Members of Preston Library, one of six closed down by Brent Council last year, say they met with council leader Cllr Muhammed Butt several times and claim he had agreed to ask Brent’s library service to let them run a community library allowing them access to Brent’s libraries stock.
The building, in Carlton Avenue East, is currently being used as a bulk class for pupils of Preston Park Primary School and campaigners also hoped to run an after hours homework club from the site.
However, they now say they were told by Town Hall bosses following a meeting, that there are ‘legal and budgetary’ issues and they would not be able to use any Brent Library services or run a homework club using the council’s library service.
Philip Bromberg, a member of Preston Library, said: “We feel very let down by this decision; we were under the impression that officers would be encouraged to help us but instead we have been left with virtually nothing.”
Campaigners also gained the support of Brent North MP, and fellow Labour politician Barry Gardiner.
In a letter, seen by the Times sent by Mr Gardiner to Cllr Butt he says: “I would urge you to ensure that your officers engage positively with the campaigners about their suggestions to enhance the Library service and to honour any commitments which may have previously been made.”
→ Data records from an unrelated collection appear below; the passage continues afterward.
lemma covers_transpose_rect [simp]: "covers (transpose_rect r) i j \<longleftrightarrow> covers r j i"
  by (cases r) auto

lemma rarea_transpose_rect [simp]: "rarea (transpose_rect r) = rarea r"
  by (cases r) simp

lemma congruent_transpose_rect [simp]:
  "congruent (transpose_rect r) (transpose_rect s) \<longleftrightarrow> congruent r s"
  by (cases r; cases s) (auto simp: congruent_def insert_commute)

lemma mondrian_transpose:
  assumes "mondrian n k P"
  shows "mondrian n k (transpose_rect ` P)"
proof -
  have inj: "inj transpose_rect" by (metis injI transpose_rect_transpose_rect)
  have "\<exists>!r. r \<in> transpose_rect ` P \<and> covers r i j" if "i < n" "j < n" for i j
  proof -
    from assms that have "\<exists>!s. s \<in> P \<and> covers s j i" unfolding mondrian_def by blast
    then obtain s where s: "s \<in> P" "covers s j i"
      and unique: "\<And>s'. s' \<in> P \<Longrightarrow> covers s' j i \<Longrightarrow> s' = s"
      by blast
    show ?thesis
    proof (rule ex1I[of _ "transpose_rect s"])
      fix r assume "r \<in> transpose_rect ` P \<and> covers r i j"
      then obtain s' where "s' \<in> P" "covers s' j i" "r = transpose_rect s'" by auto
      then show "r = transpose_rect s" using unique by simp
    qed (use s in simp)
  qed
  moreover have "card (transpose_rect ` P) = card P"
    using inj by (simp add: card_image inj_on_subset)
  moreover have "\<not> congruent r s" if "r \<in> transpose_rect ` P" "s \<in> transpose_rect ` P" "r \<noteq> s" for r s
  proof -
    from that obtain r0 s0 where "r0 \<in> P" "s0 \<in> P" "r0 \<noteq> s0"
      and "r = transpose_rect r0" "s = transpose_rect s0" by blast
    then show ?thesis using assms unfolding mondrian_def by (simp del: transpose_rect.simps)
  qed
  ultimately show ?thesis using assms unfolding mondrian_def by auto
qed

lemma defect_transpose: "defect (transpose_rect ` P) = defect P"
  unfolding defect_def image_image by simp

lemma mondrian3_vertical_edge_strip_shape:
  assumes P: "mondrian n 3 P" and strip: "(x, 0, w, n) \<in> P" and edge: "x = 0 \<or> x + w = n"
  obtains B C where "P = {(x, 0, w, n), B, C}" "B \<noteq> (x, 0, w, n)" "C \<noteq> (x, 0, w, n)" "B \<noteq> C"
    and "w < n"
    and "rwidth B = n - w \<and> rwidth C = n - w \<and> rheight B + rheight C = n
      \<or> rheight B = n \<and> rheight C = n \<and> rwidth B + rwidth C = n - w"
proof -
  define R :: rect where "R = (x, 0, w, n)"
  have "card (P - {R}) = 2" using P strip unfolding mondrian_def R_def by simp
  then obtain B C where BC: "P - {R} = {B, C}" "B \<noteq> C" by (auto simp: card_2_iff)
  have P_eq: "P = {R, B, C}" and RBC: "B \<noteq> R" "C \<noteq> R"
    using BC strip unfolding R_def by blast+
  note ins = mondrian_inside[OF P] and disjoint = mondrian_covers_disjoint[OF P]
  have "w < n"
  proof (rule ccontr)
    assume "\<not> w < n"
    obtain xb yb wb hb where "B = (xb, yb, wb, hb)" by (cases B)
    then have "covers B xb yb" "covers R xb yb"
      using ins[of B] ins[of R] \<open>\<not> w < n\<close> P_eq unfolding R_def by auto
    then show False using disjoint[of B R] P_eq RBC by auto
  qed
  define x0 where "x0 = (if x = 0 then w else 0)"
  have Q: "covers (x0, 0, n - w, n) i j \<longleftrightarrow> i < n \<and> j < n \<and> \<not> covers R i j" for i j
    using edge \<open>w < n\<close> unfolding x0_def R_def by auto
  have sub: "subrect r (x0, 0, n - w, n)" if "r \<in> {B, C}" for r
  proof -
    have r: "r \<in> P" "r \<noteq> R" using that P_eq RBC by auto
    have "covers (x0, 0, n - w, n) i j" if "covers r i j" for i j
      using Q inside_covers_bounded[OF ins[OF r(1)] that] disjoint[OF r(1) _ r(2) that] P_eq by auto
    then show ?thesis using inside_pos[OF ins[OF r(1)]] by (simp add: subrect_iff_covers)
  qed
  have "covers B i j \<noteq> covers C i j" if "covers (x0, 0, n - w, n) i j" for i j
    using mondrian_covers_ex[OF P, of i j] disjoint[of B C i j] that Q P_eq BC(2) by auto
  from two_rectangles_tiling[OF sub[of B] sub[of C] this] show ?thesis
    using that P_eq RBC BC(2) \<open>w < n\<close> unfolding R_def by auto
qed

lemma d3_formula_le_defect_vertical_edge_strip:
  assumes P: "mondrian n 3 P" and strip: "(x, 0, w, n) \<in> P" and edge: "x = 0 \<or> x + w = n"
    and n: "3 \<le> n"
  shows "d3_formula n \<le> defect P"
proof -
  obtain B C where P_eq: "P = {(x, 0, w, n), B, C}" "B \<noteq> (x, 0, w, n)" "C \<noteq> (x, 0, w, n)" "B \<noteq> C"
    and "w < n"
    and shape: "rwidth B = n - w \<and> rwidth C = n - w \<and> rheight B + rheight C = n
      \<or> rheight B = n \<and> rheight C = n \<and> rwidth B + rwidth C = n - w"
    using mondrian3_vertical_edge_strip_shape[OF P strip edge] .
  have nc: "\<not> congruent (x, 0, w, n) B" "\<not> congruent (x, 0, w, n) C" "\<not> congruent B C"
    using mondrian_not_congruent[OF P] P_eq by auto
  have defect_eq: "defect P = Max {w * n, rarea B, rarea C} - Min {w * n, rarea B, rarea C}"
    unfolding defect_def P_eq(1) by simp
  from shape show ?thesis
  proof (elim disjE conjE)
    assume widths: "rwidth B = n - w" "rwidth C = n - w" and heights: "rheight B + rheight C = n"
    have "rheight B \<noteq> rheight C" using nc(3) widths unfolding congruent_def by auto
    moreover have "0 < rheight C" using mondrian_inside[OF P, of C] P_eq by (cases C) auto
    ultimately have "rheight B < n" "2 * rheight B \<noteq> n" and hC: "rheight C = n - rheight B"
      using heights by auto
    from d3_formula_le_L_shape_defect[OF _ n this(1,2), of w "n - w"]
    show ?thesis unfolding defect_eq rarea_eq hC using widths \<open>w < n\<close> by (simp add: mult.commute)
  next
    assume heights: "rheight B = n" "rheight C = n"
    have "w \<noteq> rwidth B" "w \<noteq> rwidth C" "rwidth B \<noteq> rwidth C"
      using nc heights unfolding congruent_def by auto
    from two_mul_le_Max_minus_Min[OF this, of n]
    show ?thesis unfolding defect_eq rarea_eq using heights two_d3_formula_le[OF n] by simp
  qed
qed
lemma idx_H_Sigma: "idx_H U p = {..<U} \<times> {..<p}"
  by (auto simp: idx_H_def)

lemma finite_idx_Gs: "finite (idx_Gs U n p)"
  by (simp add: idx_Gs_Sigma)

lemma quad_form_kron_ones:
  assumes npos: "\<And>u. u < U \<Longrightarrow> n u \<ge> 1"
  shows "quad_form (idx_Gs U n p) (\<lambda>(u, k, i) (v, l, j). M (u, i) (v, j)) x =
    quad_form (idx_H U p) M (\<lambda>(u, i). \<Sum>k<n u. x (u, k, i))"
proof -
  define \<pi> :: "nat \<times> nat \<times> nat \<Rightarrow> nat \<times> nat" where "\<pi> = (\<lambda>(u, k, i). (u, i))"
  have M: "(\<lambda>(u, k, i) (v, l, j). M (u, i) (v, j)) = (\<lambda>a b. M (\<pi> a) (\<pi> b))"
    by (auto simp: \<pi>_def fun_eq_iff)
  have image: "\<pi> ` idx_Gs U n p = idx_H U p"
  proof
    show "idx_H U p \<subseteq> \<pi> ` idx_Gs U n p"
    proof
      fix c assume "c \<in> idx_H U p"
      then obtain u i where "c = (u, i)" "u < U" "i < p"
        by (auto simp: idx_H_def)
      with npos[of u] show "c \<in> \<pi> ` idx_Gs U n p"
        by (auto simp: \<pi>_def idx_Gs_def image_iff intro!: exI[of _ 0])
    qed
  qed (auto simp: \<pi>_def idx_Gs_def idx_H_def)
  have fibre: "(\<Sum>a | a \<in> idx_Gs U n p \<and> \<pi> a = (u, i). x a) = (\<Sum>k<n u. x (u, k, i))"
    if "(u, i) \<in> idx_H U p" for u i
  proof -
    have "{a. a \<in> idx_Gs U n p \<and> \<pi> a = (u, i)} = (\<lambda>k. (u, k, i)) ` {..<n u}"
      using that by (auto simp: \<pi>_def idx_Gs_def idx_H_def)
    then show ?thesis
      by (simp add: sum.reindex inj_on_def)
  qed
  show ?thesis
    unfolding M quad_form_pullback[OF finite_idx_Gs[of U n p]] image
    by (intro quad_form_cong) (auto simp: fibre)
qed

text \<open>G^s = 1 1^T \<otimes> Kmat + diag_u (I_{n_u} \<otimes> (G^{A,u} - G^{C,u})). This also holds for n_u = 1,
  where the only diagonal block is G^{A,u} = G^{C,u} + (G^{A,u} - G^{C,u}).\<close>

definition Kmat :: "(nat \<Rightarrow> nat \<Rightarrow> nat \<Rightarrow> real) \<Rightarrow> (nat \<Rightarrow> nat \<Rightarrow> nat \<Rightarrow> nat \<Rightarrow> real)
    \<Rightarrow> nat \<times> nat \<Rightarrow> nat \<times> nat \<Rightarrow> real" where
  "Kmat GC GD = (\<lambda>(u, i) (v, j). if u = v then GC u i j else GD u v i j)"

lemma quad_form_Gs_blocks:
  assumes npos: "\<And>u. u < U \<Longrightarrow> n u \<ge> 1"
  shows "quad_form (idx_Gs U n p) (Gs n GA GC GD) x =
    quad_form (idx_H U p) (Kmat GC GD) (\<lambda>(u, i). \<Sum>k<n u. x (u, k, i)) +
    (\<Sum>u<U. \<Sum>k<n u. quad_form {..<p} (\<lambda>i j. GA u i j - GC u i j) (\<lambda>i. x (u, k, i)))"
proof -
  define K :: "nat \<times> nat \<times> nat \<Rightarrow> nat \<times> nat \<times> nat \<Rightarrow> real"
    where "K = (\<lambda>(u, k, i) (v, l, j). Kmat GC GD (u, i) (v, j))"
  define D :: "nat \<times> nat \<times> nat \<Rightarrow> nat \<times> nat \<times> nat \<Rightarrow> real"
    where "D = (\<lambda>(u, a) (v, b). if u = v then
      (\<lambda>(k, i) (l, j). if k = l then GA u i j - GC u i j else 0) a b else 0)"
  have "Gs n GA GC GD a b = K a b + D a b"
    if "a \<in> idx_Gs U n p" "b \<in> idx_Gs U n p" for a b
    using that by (auto simp: Gs_def Kmat_def K_def D_def idx_Gs_def)
  then have "quad_form (idx_Gs U n p) (Gs n GA GC GD) x =
      quad_form (idx_Gs U n p) K x + quad_form (idx_Gs U n p) D x"
    by (simp add: quad_form_add[symmetric] cong: quad_form_cong)
  moreover have "quad_form (idx_Gs U n p) K x =
      quad_form (idx_H U p) (Kmat GC GD) (\<lambda>(u, i). \<Sum>k<n u. x (u, k, i))"
    unfolding K_def using npos by (rule quad_form_kron_ones)
  moreover have "quad_form (idx_Gs U n p) D x =
      (\<Sum>u<U. \<Sum>k<n u. quad_form {..<p} (\<lambda>i j. GA u i j - GC u i j) (\<lambda>i. x (u, k, i)))"
    unfolding idx_Gs_Sigma D_def by (simp add: quad_form_block_diagonal)
  ultimately show ?thesis
    by simp
qed

lemma quad_form_Hmat:
  "quad_form (idx_H U p) (Hmat n GA GC GD) m =
    quad_form (idx_H U p) (Kmat GC GD) (\<lambda>(u, i). n u * m (u, i)) +
    (\<Sum>u<U. n u * quad_form {..<p} (\<lambda>i j. GA u i j - GC u i j) (\<lambda>i. m (u, i)))"
proof -
  define Kn :: "nat \<times> nat \<Rightarrow> nat \<times> nat \<Rightarrow> real"
    where "Kn = (\<lambda>(u, i) (v, j). n u * Kmat GC GD (u, i) (v, j) * n v)"
  define Dn :: "nat \<times> nat \<Rightarrow> nat \<times> nat \<Rightarrow> real"
    where "Dn = (\<lambda>(u, i) (v, j). if u = v then n u * (GA u i j - GC u i j) else 0)"
  have "Hmat n GA GC GD (u, i) (v, j) = Kn (u, i) (v, j) + Dn (u, i) (v, j)" for u i v j
    by (cases "n u = 1") (auto simp: Hmat_def Kmat_def Kn_def Dn_def algebra_simps)
  then have Hmat_split: "Hmat n GA GC GD = (\<lambda>a b. Kn a b + Dn a b)"
    by (simp add: fun_eq_iff)
  have "quad_form (idx_H U p) Kn m = quad_form (idx_H U p) (Kmat GC GD) (\<lambda>(u, i). n u * m (u, i))"
    using quad_form_scale[of _ _ "\<lambda>(u, i). real (n u)" m] by (simp add: Kn_def split_def)
  moreover have "quad_form (idx_H U p) Dn m =
      (\<Sum>u<U. quad_form {..<p} (\<lambda>i j. n u * (GA u i j - GC u i j)) (\<lambda>i. m (u, i)))"
    unfolding idx_H_Sigma Dn_def by (rule quad_form_block_diagonal) auto
  moreover have "\<dots> = (\<Sum>u<U. n u * quad_form {..<p} (\<lambda>i j. GA u i j - GC u i j) (\<lambda>i. m (u, i)))"
    by (simp add: quad_form_def sum_distrib_left ac_simps)
  ultimately show ?thesis
    unfolding Hmat_split quad_form_add by simp
qed

lemma quad_form_Gs:
  fixes x :: "nat \<times> nat \<times> nat \<Rightarrow> real"
  assumes npos: "\<And>u. u < U \<Longrightarrow> n u \<ge> 1"
  defines "m \<equiv> \<lambda>(u, i). (\<Sum>k<n u. x (u, k, i)) / n u"
  shows "quad_form (idx_Gs U n p) (Gs n GA GC GD) x =
    quad_form (idx_H U p) (Hmat n GA GC GD) m +
    (\<Sum>u<U. \<Sum>k<n u. quad_form {..<p} (\<lambda>i j. GA u i j - GC u i j) (\<lambda>i. x (u, k, i) - m (u, i)))"
proof -
  have sums: "(\<lambda>(u, i). \<Sum>k<n u. x (u, k, i)) = (\<lambda>(u, i). n u * m (u, i))"
    by (auto simp: m_def fun_eq_iff)
  have "(\<Sum>k<n u. quad_form {..<p} (\<lambda>i j. GA u i j - GC u i j) (\<lambda>i. x (u, k, i))) =
      n u * quad_form {..<p} (\<lambda>i j. GA u i j - GC u i j) (\<lambda>i. m (u, i)) +
      (\<Sum>k<n u. quad_form {..<p} (\<lambda>i j. GA u i j - GC u i j) (\<lambda>i. x (u, k, i) - m (u, i)))"
    if "u < U" for u
  proof -
    have "{..<n u} \<noteq> {}"
      using npos[OF that] by (simp add: lessThan_empty_iff)
    from sum_quad_form_mean_deviation[OF finite_lessThan this, where X = "\<lambda>k i. x (u, k, i)"]
    show ?thesis
      by (simp add: m_def)
  qed
  then show ?thesis
    by (simp add: quad_form_Gs_blocks[OF npos] quad_form_Hmat sums sum.distrib)
qed

lemma quad_form_Gs_lift:
  assumes npos: "\<And>u. u < U \<Longrightarrow> n u \<ge> 1"
  shows "quad_form (idx_Gs U n p) (Gs n GA GC GD) (\<lambda>(u, k, i). z (u, i)) =
    quad_form (idx_H U p) (Hmat n GA GC GD) z"
proof -
  have mean: "(\<Sum>k<n u. z (u, i)) / n u = z (u, i)" if "u < U" for u i
    using npos[OF that] by simp
  have "quad_form (idx_H U p) (Hmat n GA GC GD) (\<lambda>(u, i). (\<Sum>k<n u. z (u, i)) / n u) =
      quad_form (idx_H U p) (Hmat n GA GC GD) z"
    by (intro quad_form_cong) (auto simp: idx_H_def mean dest: npos)
  then show ?thesis
    by (simp add: quad_form_Gs[OF npos] mean)
qed

lemma quad_form_Gs_opposite_pair:
  fixes w :: "nat \<Rightarrow> real"
  assumes npos: "\<And>u. u < U \<Longrightarrow> n u \<ge> 1" and "u < U" and "n u \<ge> 2"
  defines "x \<equiv> \<lambda>(v, k, i). if v = u \<and> k = 0 then w i else if v = u \<and> k = 1 then - w i else 0"
  shows "quad_form (idx_Gs U n p) (Gs n GA GC GD) x =
    2 * quad_form {..<p} (\<lambda>i j. GA u i j - GC u i j) w"
proof -
  obtain r where r: "n u = Suc (Suc r)"
    using assms(3) by (metis add_2_eq_Suc le_Suc_ex)
  have "(\<Sum>k<n v. x (v, k, i)) = 0" for v i
    by (cases "v = u") (simp_all add: x_def r sum.lessThan_Suc_shift del: sum.lessThan_Suc)
  then have sums: "(\<lambda>(v, i). \<Sum>k<n v. x (v, k, i)) = (\<lambda>_. 0)"
    by auto
  define q where "q v k = quad_form {..<p} (\<lambda>i j. GA v i j - GC v i j) (\<lambda>i. x (v, k, i))" for v k
  have "(\<Sum>k<n v. q v k) = (if v = u then \<Sum>k<n u. q u k else 0)" for v
    by (cases "v = u") (simp_all add: q_def x_def)
  then have "(\<Sum>v<U. \<Sum>k<n v. q v k) = (\<Sum>v<U. if v = u then \<Sum>k<n u. q u k else 0)"
    by (rule sum.cong[OF refl])
  also have "\<dots> = (\<Sum>k<n u. q u k)"
    using assms(2) by simp
  also have "\<dots> = 2 * quad_form {..<p} (\<lambda>i j. GA u i j - GC u i j) w"
    by (simp add: q_def x_def r sum.lessThan_Suc_shift quad_form_def del: sum.lessThan_Suc)
  finally have "(\<Sum>v<U. \<Sum>k<n v. q v k) = 2 * quad_form {..<p} (\<lambda>i j. GA u i j - GC u i j) w" .
  then show ?thesis
    by (simp add: quad_form_Gs_blocks[OF npos] sums q_def)
qed

lemma Gs_symmetric:
  assumes "\<And>u i j. u < U \<Longrightarrow> i < p \<Longrightarrow> j < p \<Longrightarrow> GA u i j = GA u j i"
    and "\<And>u i j. u < U \<Longrightarrow> n u \<ge> 2 \<Longrightarrow> i < p \<Longrightarrow> j < p \<Longrightarrow> GC u i j = GC u j i"
    and "\<And>u v i j. u < U \<Longrightarrow> v < U \<Longrightarrow> u \<noteq> v \<Longrightarrow> i < p \<Longrightarrow> j < p \<Longrightarrow>
           GD v u i j = GD u v j i"
  shows "\<forall>a\<in>idx_Gs U n p. \<forall>b\<in>idx_Gs U n p. Gs n GA GC GD a b = Gs n GA GC GD b a"
  using assms by (auto simp: Gs_def idx_Gs_def)
lemma laplace_localisation:
  fixes h :: "'a::euclidean_space \<Rightarrow> real" and f g :: "'a \<Rightarrow> 'b::euclidean_space"
  assumes S: "compact S" and x: "x \<in> closure (interior S)"
    and hc: "continuous_on S h" and fc: "continuous_on S f" and gc: "continuous_on S g"
    and h0: "\<forall>y\<in>S. 0 \<le> h y" and peak: "\<forall>y\<in>S. y \<noteq> x \<longrightarrow> h y < h x"
    and fx: "f x \<noteq> 0" and gx: "x \<notin> closure {y \<in> S. g y \<noteq> 0}"
  shows "\<exists>C>0. \<forall>\<^sub>F N in sequentially.
           norm (integral S (\<lambda>y. h y ^ N *\<^sub>R g y))
             \<le> exp (- C * real N) * norm (integral S (\<lambda>y. h y ^ N *\<^sub>R f y))"
proof -
  have clS: "closed S" using S by (rule compact_imp_closed)
  have xS: "x \<in> S"
    using x closure_mono[OF interior_subset, of S] closure_closed[OF clS] by blast
  obtain \<rho> where \<rho>: "\<rho> > 0" "\<forall>y\<in>S. dist y x < \<rho> \<longrightarrow> norm (f y - f x) \<le> norm (f x) / 2"
    using fc xS fx unfolding continuous_on_iff dist_norm
    by (metis half_gt_zero less_imp_le zero_less_norm_iff)
  define K where "K = closure {y \<in> S. g y \<noteq> 0} \<union> (S - ball x \<rho>)"
  have "closure {y \<in> S. g y \<noteq> 0} \<subseteq> S" using clS by (intro closure_minimal) auto
  then have KS: "K \<subseteq> S" by (auto simp: K_def)
  have "compact K"
    unfolding compact_eq_bounded_closed
    using bounded_subset[OF compact_imp_bounded[OF S] KS] clS by (auto simp: K_def)
  have xK: "x \<notin> K" using gx \<rho>(1) by (simp add: K_def)
  obtain m0 where m0: "m0 < h x" "\<forall>y\<in>K. h y \<le> m0"
  proof -
    have "\<forall>y\<in>K. h y < h x"
    proof
      fix y assume "y \<in> K"
      then have "y \<in> S" "y \<noteq> x" using KS xK by auto
      then show "h y < h x" using peak by blast
    qed
    from compact_strict_upper_bound[OF \<open>compact K\<close> continuous_on_subset[OF hc KS] this]
    obtain m' where "m' < h x" "\<forall>y\<in>K. h y \<le> m'" by blast
    then show thesis by (rule that)
  qed
  have hx: "0 < h x"
  proof -
    have "interior S \<noteq> {}" using x by auto
    moreover have "interior S \<noteq> {x}" using not_open_singleton[of x] by (metis open_interior)
    ultimately obtain y where "y \<in> interior S" "y \<noteq> x" by blast
    then have "y \<in> S" "y \<noteq> x" using interior_subset by auto
    then have "0 \<le> h y" "h y < h x" using peak h0 by auto
    then show ?thesis by linarith
  qed
  define m where "m = max m0 0"
  define M where "M = (m + h x) / 2"
  have mM: "0 \<le> m" "m < M" "M < h x" using m0 hx by (auto simp: m_def M_def)
  have hK: "h y \<le> m" if "y \<in> K" for y using m0 that by (auto simp: m_def)
  have far: "\<forall>y\<in>S. \<rho> \<le> dist y x \<longrightarrow> h y \<le> m"
    using hK by (auto simp: K_def dist_commute)
  have supp: "\<forall>y\<in>S. g y \<noteq> 0 \<longrightarrow> h y \<le> m"
    using hK closure_subset[of "{y \<in> S. g y \<noteq> 0}"] by (auto simp: K_def)
  obtain \<mu> where \<mu>: "\<mu> > 0" "\<forall>N. \<mu> * M ^ N \<le> integral S (\<lambda>y. h y ^ N)"
    using integral_power_ge_near_peak[OF S hc h0 x xS, of M] mM by auto
  obtain \<beta> where \<beta>: "\<forall>N. norm (f x) / 2 * integral S (\<lambda>y. h y ^ N) - \<beta> * m ^ N
                            \<le> norm (integral S (\<lambda>y. h y ^ N *\<^sub>R f y))"
    using norm_integral_power_ge[OF S hc fc h0 mM(1) \<rho>(2) far] by blast
  obtain \<gamma> where \<gamma>: "\<forall>N. norm (integral S (\<lambda>y. h y ^ N *\<^sub>R g y)) \<le> \<gamma> * m ^ N"
    using norm_integral_power_le[OF S hc gc h0 mM(1) supp] by blast
  have lower: "norm (f x) / 2 * \<mu> * M ^ N - \<beta> * m ^ N \<le> norm (integral S (\<lambda>y. h y ^ N *\<^sub>R f y))"
    for N
  proof -
    have "norm (f x) / 2 * \<mu> * M ^ N \<le> norm (f x) / 2 * integral S (\<lambda>y. h y ^ N)"
      using \<mu>(2) by (simp add: mult.assoc mult_left_mono)
    then show ?thesis using \<beta>[rule_format, of N] by linarith
  qed
  have "0 < norm (f x) / 2 * \<mu>" using fx \<mu>(1) by simp
  from eventually_exp_domination[OF mM(1,2) this \<gamma>[rule_format] lower]
  show ?thesis .
qed
(* Assume $(H_S(\infty))$ and let $\mathbf a_\lambda,\mathbf n_\lambda,\mathbf m_\lambda$ be as in the context. Let $(N^S_t(i))_{t\ge0,i\in\mathbb{Z}}$ be i.i.d. $SR(\mu_S)$-processes and $a<b$. Then: (i) for $t<1$, $\lim_{\lambda\to0}\Pr[\forall i\in\{\lfloor a\mathbf m_\lambda\rfloor,\dots,\lfloor b\mathbf m_\lambda\rfloor\},\ N^S_{\mathbf a_\lambda t}(i)>0]=0$; (ii) for $t\ge1$, the same probability tends to $1$; (iii) for $t<1$, $\lim_{\lambda\to0}\Pr[\forall i\in\{\lfloor a\mathbf n_\lambda\rfloor,\dots,\lfloor b\mathbf n_\lambda\rfloor\},\ N^S_{\mathbf a_\lambda t}(i)>0]=0$; (iv) for $t>1$, the probability in (iii) tends to $1$; (v) for $t>0$, $\lim_{\lambda\to0}\Pr[\exists i\in\{\lfloor a\mathbf m_\lambda\rfloor,\dots,\lfloor b\mathbf m_\lambda\rfloor\},\ N^S_{\mathbf a_\lambda t}(i)>0]=1$.
   Context: $(H_S(\infty))$: $\mu_S$ is a probability measure on $(0,\infty)$ with unbounded support and finite mean $m_S$; with $\nu_S(dt)=m_S^{-1}\mu_S((t,\infty))dt$, for all $t>0$, $\lim_{x\to\infty}\nu_S((x,\infty))/\nu_S((tx,\infty))=t^\infty$ ($=0,1,\infty$ according as $t<1,t=1,t>1$). $\mathbf a_\lambda$ is the unique solution of $\lambda\mathbf a_\lambda=\nu_S((\mathbf a_\lambda,\infty))$, $\mathbf n_\lambda=\lfloor1/(\lambda\mathbf a_\lambda)\rfloor$, and $\mathbf m_\lambda:(0,1]\to\mathbb{N}$ is non-increasing with $\mathbf m_\lambda\to\infty$, $\mathbf m_\lambda/\mathbf n_\lambda\to0$, and $\mathbf m_\lambda\nu_S((\mathbf a_\lambda z,\infty))\to\infty$ for every $z\in[0,1)$, as $\lambda\to0$. A $SR(\mu)$-process: $N_t=\#\{k\ge1:T_k\le t\}$ with $T_1\sim\nu_\mu(dt)=m_\mu^{-1}\mu((t,\infty))dt$, $T_{k+1}=T_k+X_k$, $(X_k)$ i.i.d. with law $\mu$ independent of $T_1$. *)

theory Defs
  imports "HOL-Probability.Probability"
begin
lemma gr_mult_index:
  assumes "k < n"
  shows "gr_mult n u v $ k = (\<Sum>i<n. u $ i * gr_coeff n v (int k - int i))"
proof -
  have row_sum: "(\<Sum>j<n. if (i + j) mod n = k then u $ i * v $ j else 0) = u $ i * gr_coeff n v (int k - int i)"
    if "i < n" for i
  proof -
    define j0 where "j0 = nat ((int k - int i) mod int n)"
    have "j0 < n"
      using assms unfolding j0_def by (simp add: nat_less_iff)
    have "(i + j) mod n = k \<longleftrightarrow> j = j0" if "j < n" for j
    proof -
      have "(i + j) mod n = k \<longleftrightarrow> int ((i + j) mod n) = int k"
        by (simp only: of_nat_eq_iff)
      also have "\<dots> \<longleftrightarrow> (int i + int j) mod int n = int k mod int n"
        using assms by (simp add: zmod_int)
      also have "\<dots> \<longleftrightarrow> int j mod int n = (int k - int i) mod int n"
        by (simp add: mod_eq_dvd_iff algebra_simps)
      also have "\<dots> \<longleftrightarrow> j = j0"
        using \<open>j < n\<close> unfolding j0_def by (auto simp: zmod_int)
      finally show ?thesis .
    qed
    then have "(\<Sum>j<n. if (i + j) mod n = k then u $ i * v $ j else 0)
        = (\<Sum>j<n. if j = j0 then u $ i * v $ j else 0)"
      by (intro sum.cong) auto
    also have "\<dots> = u $ i * v $ j0"
      using \<open>j0 < n\<close> by simp
    finally show ?thesis
      unfolding j0_def gr_coeff_def .
  qed
  have "gr_mult n u v $ k = (\<Sum>i<n. \<Sum>j<n. if (i + j) mod n = k then u $ i * v $ j else 0)"
    unfolding gr_mult_def using assms by simp
  also have "\<dots> = (\<Sum>i<n. u $ i * gr_coeff n v (int k - int i))"
    by (rule sum.cong) (simp_all add: row_sum)
  finally show ?thesis .
qed

lemma gr_star_index:
  assumes "i < n"
  shows "gr_star n v $ i = gr_coeff n v (- int i)"
proof -
  have "int ((n - i) mod n) = (- int i) mod int n"
    using assms by (simp add: zmod_int of_nat_diff)
  then show ?thesis
    using assms unfolding gr_star_def gr_coeff_def by (metis index_vec nat_int)
qed

lemma sigma_mat_add:
  assumes "u \<in> carrier_vec n" "v \<in> carrier_vec n"
  shows "sigma_mat n (u + v) = sigma_mat n u + sigma_mat n v"
  using assms by (intro eq_matI) (auto simp: sigma_mat_def)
However Cllr Butt denied he had made any commitment to campaigners and told the Times that using the building to solve the school places shortage was their priority.
He added: “I am also really keen to see a community resource centre after school hours, run by the campaigners, in agreement with the school, and have been working with them to achieve this.
“I have talked with the Headmaster of the School, I have offered to give them furniture and a supply of books for a community space, I have written them a letter of support and I have offered my time to help in any way I can.
“I have also encouraged them to use Ward Working to apply for funding for a homework club and community activities. The idea that we have offered nothing is simply not true.”